Grant didn't trust the post so he jumped in his car and drove to Queensland, forked over 50 bucks (“I would’ve paid ten times that!”) and brought it back to its “only rightful place”.

The locals have evaporated and now I’m the only one in the bar, but even empty, the place has a homely feel. There’s no food on Sundays but the RSL is right next door and ‘if you want a feed, you’ve got to get there before 8.30,’ so I unload the bike and park it in the closeable walkway at the side of the pub.

Upstairs the rooms are exceptional for the price. Each has its own jug and brew makings, air-con plus a ceiling fan, electric blankets, television and most, like mine, open out onto the balcony from where Nellie Melba once sang.

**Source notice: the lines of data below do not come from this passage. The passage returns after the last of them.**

(* Let $\underline{\mathbb{G}}=(\mathbb{G},\mathcal{V},\omega_{\mathcal{V}},\mathcal{F},\omega_{\mathcal{F}})$ be a packaged ribbon graph and let $e$ be an edge of $\mathbb{G}$. Then \[(\underline{\mathbb{G}}\backslash e)^* = \underline{\mathbb{G}}^*/e \qquad\text{and}\qquad (\underline{\mathbb{G}}/ e)^* = \underline{\mathbb{G}}^*\backslash e.\]
   Context: All ribbon graphs are orientable. A ribbon graph $\mathbb{G}=(V,E)$ is an orientable surface with boundary formed as a union of discs $V$ (vertices) and discs $E$ (edges) such that vertices and edges meet in disjoint arcs, each arc lies on the boundary of exactly one vertex and one edge, and each edge contains exactly two such arcs. $\mathbb{G}\backslash e$ is obtained by removing the edge $e$; $\mathbb{G}/e$ (contraction) is obtained by taking the boundary curve(s) of $e\cup u\cup v$ (where $u,v$ are the ends of $e$, possibly equal), attaching a disc to each such curve to form new vertices, and removing $e,u,v$. The dual $\mathbb{G}^*$ is obtained by capping each boundary component of $\mathbb{G}$ with a disc; these discs are the vertices of $\mathbb{G}^*$ and the edges are the same as those of $\mathbb{G}$. Thus vertices of $\mathbb{G}$ correspond to boundary components of $\mathbb{G}^*$ and boundary components of $\mathbb{G}$ to vertices of $\mathbb{G}^*$. A packaged ribbon graph is a tuple $\underline{\mathbb{G}}=(\mathbb{G},\mathcal{V},\omega_{\mathcal{V}},\mathcal{F},\omega_{\mathcal{F}})$ where $\mathbb{G}=(V,E)$ is a ribbon graph with set of boundary components $F$, $\mathcal{V}$ is a partition of $V$, $\mathcal{F}$ is a partition of $F$, and $\omega_{\mathcal{V}}:\mathcal{V}\to\mathbb{N}_0$, $\omega_{\mathcal{F}}:\mathcal{F}\to\mathbb{N}_0$ are weightings. $[v]$ and $[f]$ denote the blocks containing $v$ and $f$. Deletion $\underline{\mathbb{G}}\backslash e$: the ribbon graph is $\mathbb{G}\backslash e$, and $\mathcal{V},\omega_{\mathcal{V}}$ are unchanged; boundary components not meeting $e$ persist with their blocks and weights. (i) If $e$ meets a single boundary component $f$ (twice), deleting $e$ creates two boundary components $f',g'$ in place of $f$; the block $[f]$ is replaced by $([f]\setminus\{f\})\cup\{f',g'\}$ with weight $\omega_{\mathcal{F}}([f])+1$. (ii) If $e$ meets two boundary components $f\neq g$ with $[f]=[g]$, deletion creates one boundary component $f'$; the block is replaced by $([f]\setminus\{f,g\})\cup\{f'\}$ with weight $\omega_{\mathcal{F}}([f])+1$. (iii) If $e$ meets $f\ne g$ with $[f]\neq[g]$, deletion creates one boundary component $f'$; the blocks $[f],[g]$ are replaced by the single block $([f]\cup[g]\setminus\{f,g\})\cup\{f'\}$ with weight $\omega_{\mathcal{F}}([f])+\omega_{\mathcal{F}}([g])$. All other blocks and weights are unchanged. Contraction $\underline{\mathbb{G}}/e$: the ribbon graph is $\mathbb{G}/e$; boundary components of $\mathbb{G}$ and $\mathbb{G}/e$ correspond naturally, and $\mathcal{F},\omega_{\mathcal{F}}$ are transported along this correspondence. (i) If $e$ is a loop at $u$, contraction replaces $u$ by two vertices $u',v'$; the block $[u]$ is replaced by $([u]\setminus\{u\})\cup\{u',v'\}$ with weight $\omega_{\mathcal{V}}([u])+1$. (ii) If $e$ is a non-loop with ends $u\ne v$ and $[u]=[v]$, contraction gives one vertex $u'$; the block is replaced by $([u]\setminus\{u,v\})\cup\{u'\}$ with weight $\omega_{\mathcal{V}}([u])+1$. (iii) If $e$ has ends $u\neq v$ with $[u]\ne[v]$, the blocks $[u],[v]$ are replaced by $([u]\cup[v]\setminus\{u,v\})\cup\{u'\}$ with weight $\omega_{\mathcal{V}}([u])+\omega_{\mathcal{V}}([v])$. All other blocks and weights are unchanged. Dual: $\underline{\mathbb{G}}^*=(\mathbb{G}^*,\mathcal{V}^*,\omega_{\mathcal{V}^*},\mathcal{F}^*,\omega_{\mathcal{F}^*})$, where $\mathcal{V}^*$ (a partition of the vertices of $\mathbb{G}^*$) and its weighting are induced from $\mathcal{F},\omega_{\mathcal{F}}$ via the correspondence between boundary components of $\mathbb{G}$ and vertices of $\mathbb{G}^*$, and $\mathcal{F}^*,\omega_{\mathcal{F}^*}$ are induced from $\mathcal{V},\omega_{\mathcal{V}}$ via the correspondence between vertices of $\mathbb{G}$ and boundary components of $\mathbb{G}^*$. Edges of $\mathbb{G}^*$ are identified with those of $\mathbb{G}$. *)

theory Defs
  imports "HOL-Combinatorics.Permutations"
begin

text \<open>
Orientable ribbon graphs are encoded as combinatorial maps (rotation systems).  A dart p with
alpha p = p is a point dart; it must satisfy sigma p = p and it represents an isolated
vertex (a vertex meeting no edge).
\<close>

record 'd rgraph =
  darts :: "'d set"
  alpha :: "'d \<Rightarrow> 'd"
  sigma :: "'d \<Rightarrow> 'd"

definition rg_orbit :: "('d \<Rightarrow> 'd) \<Rightarrow> 'd \<Rightarrow> 'd set" where
  "rg_orbit f x = {(f ^^ n) x | n. True}"

definition rg_wf :: "'d rgraph \<Rightarrow> bool" where
  "rg_wf G \<longleftrightarrow> finite (darts G)
     \<and> alpha G permutes darts G \<and> (\<forall>x. alpha G (alpha G x) = x)
     \<and> sigma G permutes darts G
     \<and> (\<forall>x\<in>darts G. alpha G x = x \<longrightarrow> sigma G x = x)"

definition rg_phi :: "'d rgraph \<Rightarrow> 'd \<Rightarrow> 'd" where
  "rg_phi G = sigma G \<circ> alpha G"

definition rg_vertices :: "'d rgraph \<Rightarrow> 'd set set" where
  "rg_vertices G = {rg_orbit (sigma G) x | x. x \<in> darts G}"

definition rg_faces :: "'d rgraph \<Rightarrow> 'd set set" where
  "rg_faces G = {rg_orbit (rg_phi G) x | x. x \<in> darts G}"

definition rg_edges :: "'d rgraph \<Rightarrow> 'd set set" where
  "rg_edges G = {{x, alpha G x} | x. x \<in> darts G \<and> alpha G x \<noteq> x}"

definition rg_skip :: "('d \<Rightarrow> 'd) \<Rightarrow> 'd set \<Rightarrow> 'd \<Rightarrow> 'd" where
  "rg_skip f D x = (f ^^ (LEAST n. 0 < n \<and> (f ^^ n) x \<notin> D)) x"

text \<open>Naming convention: an orbit O of darts that lies entirely inside the removed edge
 disappears; the corresponding isolated vertex is represented by the point dart
 (SOME x. x \<in> O).\<close>
definition rg_keep :: "'d set \<Rightarrow> 'd" where
  "rg_keep Q = (SOME x. x \<in> Q)"

text \<open>Natural correspondence of orbits (vertices for deletion, faces for contraction).\<close>
definition rg_transport :: "'d set \<Rightarrow> 'd set \<Rightarrow> 'd set" where
  "rg_transport e Q = (if Q \<subseteq> e then {rg_keep Q} else Q - e)"

definition rg_delete :: "'d rgraph \<Rightarrow> 'd set \<Rightarrow> 'd rgraph" where
  "rg_delete G e =
     (let P = rg_keep ` {Q \<in> rg_vertices G. Q \<subseteq> e} in
      \<lparr> darts = (darts G - e) \<union> P,
        alpha = (\<lambda>x. if x \<in> darts G - e then alpha G x else x),
        sigma = (\<lambda>x. if x \<in> darts G - e then rg_skip (sigma G) e x else x) \<rparr>)"

definition rg_contract :: "'d rgraph \<Rightarrow> 'd set \<Rightarrow> 'd rgraph" where
  "rg_contract G e =
     (let P = rg_keep ` {Q \<in> rg_faces G. Q \<subseteq> e};
          a = (\<lambda>x. if x \<in> darts G - e then alpha G x else x);
          ph = (\<lambda>x. if x \<in> darts G - e then rg_skip (rg_phi G) e x else x) in
      \<lparr> darts = (darts G - e) \<union> P,
        alpha = a,
        sigma = ph \<circ> a \<rparr>)"

definition rg_dual :: "'d rgraph \<Rightarrow> 'd rgraph" where
  "rg_dual G = \<lparr> darts = darts G, alpha = alpha G, sigma = rg_phi G \<rparr>"

text \<open>Packaged ribbon graphs.  Partitions are sets of blocks; weights are functions on
 blocks (only their values on blocks are meaningful).\<close>

record 'd pgraph =
  pg_graph :: "'d rgraph"
  pg_VP :: "'d set set set"
  pg_wV :: "'d set set \<Rightarrow> nat"
  pg_FP :: "'d set set set"
  pg_wF :: "'d set set \<Rightarrow> nat"

definition is_partition :: "'a set \<Rightarrow> 'a set set \<Rightarrow> bool" where
  "is_partition S P \<longleftrightarrow> (\<forall>B\<in>P. B \<noteq> {} \<and> B \<subseteq> S) \<and> \<Union>P = S
     \<and> (\<forall>B\<in>P. \<forall>C\<in>P. B \<noteq> C \<longrightarrow> B \<inter> C = {})"

definition pg_wf :: "'d pgraph \<Rightarrow> bool" where
  "pg_wf P \<longleftrightarrow> rg_wf (pg_graph P)
     \<and> is_partition (rg_vertices (pg_graph P)) (pg_VP P)
     \<and> is_partition (rg_faces (pg_graph P)) (pg_FP P)"

definition pg_eq :: "'d pgraph \<Rightarrow> 'd pgraph \<Rightarrow> bool" where
  "pg_eq P Q \<longleftrightarrow> pg_graph P = pg_graph Q \<and> pg_VP P = pg_VP Q \<and> pg_FP P = pg_FP Q
     \<and> (\<forall>B\<in>pg_VP P. pg_wV P B = pg_wV Q B) \<and> (\<forall>B\<in>pg_FP P. pg_wF P B = pg_wF Q B)"

text \<open>Xs: old objects (vertices or faces) of G,
 Ys: objects of the new graph, Bl/w: partition and weight on Xs.
 This covers cases (i), (ii), (iii) uniformly.\<close>
definition merge_blocks :: "'d set \<Rightarrow> 'd set set \<Rightarrow> 'd set set \<Rightarrow> 'd set set set
     \<Rightarrow> ('d set set \<Rightarrow> nat) \<Rightarrow> 'd set set set \<times> ('d set set \<Rightarrow> nat)" where
  "merge_blocks e Xs Ys Bl w =
     (let XM = {X \<in> Xs. X \<inter> e \<noteq> {}};
          TB = {B \<in> Bl. B \<inter> XM \<noteq> {}};
          NY = {Y \<in> Ys. Y \<inter> \<Union>XM \<noteq> {}};
          M = (\<Union>TB - XM) \<union> NY;
          wM = (if card TB = 1 then (\<Sum>B\<in>TB. w B) + 1 else (\<Sum>B\<in>TB. w B)) in
      ((Bl - TB) \<union> {M}, (\<lambda>B. if B = M then wM else w B)))"

definition transport_blocks :: "'d set \<Rightarrow> 'd set set set
     \<Rightarrow> ('d set set \<Rightarrow> nat) \<Rightarrow> 'd set set set \<times> ('d set set \<Rightarrow> nat)" where
  "transport_blocks e Bl w =
     ((\<lambda>B. rg_transport e ` B) ` Bl, (\<lambda>B'. w (inv_into Bl (\<lambda>B. rg_transport e ` B) B')))"

definition pg_delete :: "'d pgraph \<Rightarrow> 'd set \<Rightarrow> 'd pgraph" where
  "pg_delete P e =
     (let G = pg_graph P; G' = rg_delete G e;
          V' = transport_blocks e (pg_VP P) (pg_wV P);
          F' = merge_blocks e (rg_faces G) (rg_faces G') (pg_FP P) (pg_wF P) in
      \<lparr> pg_graph = G', pg_VP = fst V', pg_wV = snd V', pg_FP = fst F', pg_wF = snd F' \<rparr>)"

definition pg_contract :: "'d pgraph \<Rightarrow> 'd set \<Rightarrow> 'd pgraph" where
  "pg_contract P e =
     (let G = pg_graph P; G' = rg_contract G e;
          V' = merge_blocks e (rg_vertices G) (rg_vertices G') (pg_VP P) (pg_wV P);
          F' = transport_blocks e (pg_FP P) (pg_wF P) in
      \<lparr> pg_graph = G', pg_VP = fst V', pg_wV = snd V', pg_FP = fst F', pg_wF = snd F' \<rparr>)"

definition pg_dual :: "'d pgraph \<Rightarrow> 'd pgraph" where
  "pg_dual P = \<lparr> pg_graph = rg_dual (pg_graph P), pg_VP = pg_FP P, pg_wV = pg_wF P,
                 pg_FP = pg_VP P, pg_wF = pg_wV P \<rparr>"

end

theory Submission
  imports Defs
begin

text \<open>Duality exchanges the vertex permutation sigma with the face permutation
  sigma \<circ> alpha.  Deleting e skips the darts of e in sigma, contracting e skips them in
  sigma \<circ> alpha, so both operations are exchanged by duality; the only point needing the
  edge hypothesis is that alpha restricted to the remaining darts is still an involution,
  which makes the face permutation of G/e equal to the skipped face permutation of G.
  Since duality also swaps the vertex and face packaging, the block merging and block
  transport of the two sides are then applied to literally the same data.\<close>

lemma rg_dual_simps [simp]:
  "darts (rg_dual G) = darts G" "alpha (rg_dual G) = alpha G" "sigma (rg_dual G) = rg_phi G"
  unfolding rg_dual_def by simp_all

lemma rg_phi_rg_dual:
  assumes "\<forall>x. alpha G (alpha G x) = x"
  shows "rg_phi (rg_dual G) = sigma G"
  using assms unfolding rg_phi_def rg_dual_def by auto

lemma rg_faces_rg_dual:
  assumes "\<forall>x. alpha G (alpha G x) = x"
  shows "rg_faces (rg_dual G) = rg_vertices G"
  unfolding rg_faces_def rg_vertices_def by (simp add: rg_phi_rg_dual[OF assms])

lemma rg_vertices_rg_dual: "rg_vertices (rg_dual G) = rg_faces G"
  unfolding rg_faces_def rg_vertices_def by simp

lemma rg_wf_alpha_involution: "rg_wf G \<Longrightarrow> \<forall>x. alpha G (alpha G x) = x"
  unfolding rg_wf_def by blast

lemma alpha_rg_contract_involution:
  assumes "rg_wf G" and "e \<in> rg_edges G"
  shows "\<forall>x. alpha (rg_contract G e) (alpha (rg_contract G e) x) = x"
proof
  fix x
  obtain y where e: "e = {y, alpha G y}"
    using assms(2) unfolding rg_edges_def by auto
  have inv: "\<And>z. alpha G (alpha G z) = z"
    using rg_wf_alpha_involution[OF assms(1)] by blast
  have "alpha G x \<in> darts G - e" if "x \<in> darts G - e"
  proof -
    have "alpha G x \<in> darts G"
      using that assms(1) permutes_in_image unfolding rg_wf_def by fastforce
    moreover have "alpha G x \<notin> e"
      using that inv[of x] inv[of y] unfolding e by auto
    ultimately show ?thesis by blast
  qed
  then show "alpha (rg_contract G e) (alpha (rg_contract G e) x) = x"
    unfolding rg_contract_def Let_def using inv by auto
qed

lemma rg_dual_rg_delete:
  assumes "rg_wf G"
  shows "rg_dual (rg_delete G e) = rg_contract (rg_dual G) e"
  unfolding rg_delete_def rg_contract_def Let_def
    rg_faces_rg_dual[OF rg_wf_alpha_involution[OF assms]]
    rg_phi_rg_dual[OF rg_wf_alpha_involution[OF assms]]
  by (simp add: rg_phi_def cong: if_cong)

lemma rg_phi_rg_contract:
  assumes "rg_wf G" and "e \<in> rg_edges G"
  shows "rg_phi (rg_contract G e) = (\<lambda>x. if x \<in> darts G - e then rg_skip (rg_phi G) e x else x)"
proof -
  let ?a = "alpha (rg_contract G e)"
  have "?a \<circ> ?a = id"
    using alpha_rg_contract_involution[OF assms] by auto
  then show ?thesis
    unfolding rg_phi_def[of "rg_contract G e"]
    by (simp add: rg_contract_def Let_def comp_assoc)
qed

lemma rg_dual_rg_contract:
  assumes "rg_wf G" and "e \<in> rg_edges G"
  shows "rg_dual (rg_contract G e) = rg_delete (rg_dual G) e"
  unfolding rg_dual_def[of "rg_contract G e"] rg_phi_rg_contract[OF assms]
  by (simp add: rg_delete_def rg_contract_def Let_def rg_vertices_rg_dual cong: if_cong)

lemma pg_dual_pg_delete:
  assumes "rg_wf (pg_graph P)"
  shows "pg_dual (pg_delete P e) = pg_contract (pg_dual P) e"
proof -
  have "rg_vertices (rg_contract (rg_dual (pg_graph P)) e) = rg_faces (rg_delete (pg_graph P) e)"
    by (simp flip: rg_dual_rg_delete[OF assms] add: rg_vertices_rg_dual)
  then show ?thesis
    using rg_dual_rg_delete[OF assms, of e]
    by (simp add: pg_dual_def pg_delete_def pg_contract_def Let_def rg_vertices_rg_dual)
qed

lemma pg_dual_pg_contract:
  assumes "rg_wf (pg_graph P)" and "e \<in> rg_edges (pg_graph P)"
  shows "pg_dual (pg_contract P e) = pg_delete (pg_dual P) e"
proof -
  have "rg_faces (rg_delete (rg_dual (pg_graph P)) e) = rg_vertices (rg_contract (pg_graph P) e)"
    using rg_faces_rg_dual[OF alpha_rg_contract_involution[OF assms]]
    by (simp add: rg_dual_rg_contract[OF assms])
  then show ?thesis
    using rg_dual_rg_contract[OF assms]
      rg_faces_rg_dual[OF rg_wf_alpha_involution[OF assms(1)]]
    by (simp add: pg_dual_def pg_delete_def pg_contract_def Let_def)
qed

lemma pg_eq_refl: "pg_eq P P"
  unfolding pg_eq_def by simp

theorem proposition2p7:
  fixes P :: "'d pgraph" and e :: "'d set"
  assumes "pg_wf P" and "e \<in> rg_edges (pg_graph P)"
  shows "pg_eq (pg_dual (pg_delete P e)) (pg_contract (pg_dual P) e)
       \<and> pg_eq (pg_dual (pg_contract P e)) (pg_delete (pg_dual P) e)"
proof -
  have wf: "rg_wf (pg_graph P)"
    using assms(1) unfolding pg_wf_def by simp
  show ?thesis
    using pg_dual_pg_delete[OF wf] pg_dual_pg_contract[OF wf assms(2)]
    by (simp add: pg_eq_refl)
qed

end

There’re separate bathrooms and toilets for men and women although the water pressure is so weak it must be prostate affected.

In the morning I have a brew on the balcony and watch the sun slowly bathe the town hall just off to my right before heading out to the cemetery.


On the way back I stop at the house where the sprinkler is now showering plants inside the front fence, knock on the door and ask the elderly lady for a favour. Ask I hold the sprinkler head over my head and down my jacket, soaking every part of me, she tells me about what a great job Grant and Kim are doing at the pub and for the town.


She also tells me the common theory about the burning of the Albion but to print that here, like the possibility that Ben Hall is not under his headstone and like not maintaining and highlighting the crypt of the Vandenbergs, would be a grave mistake.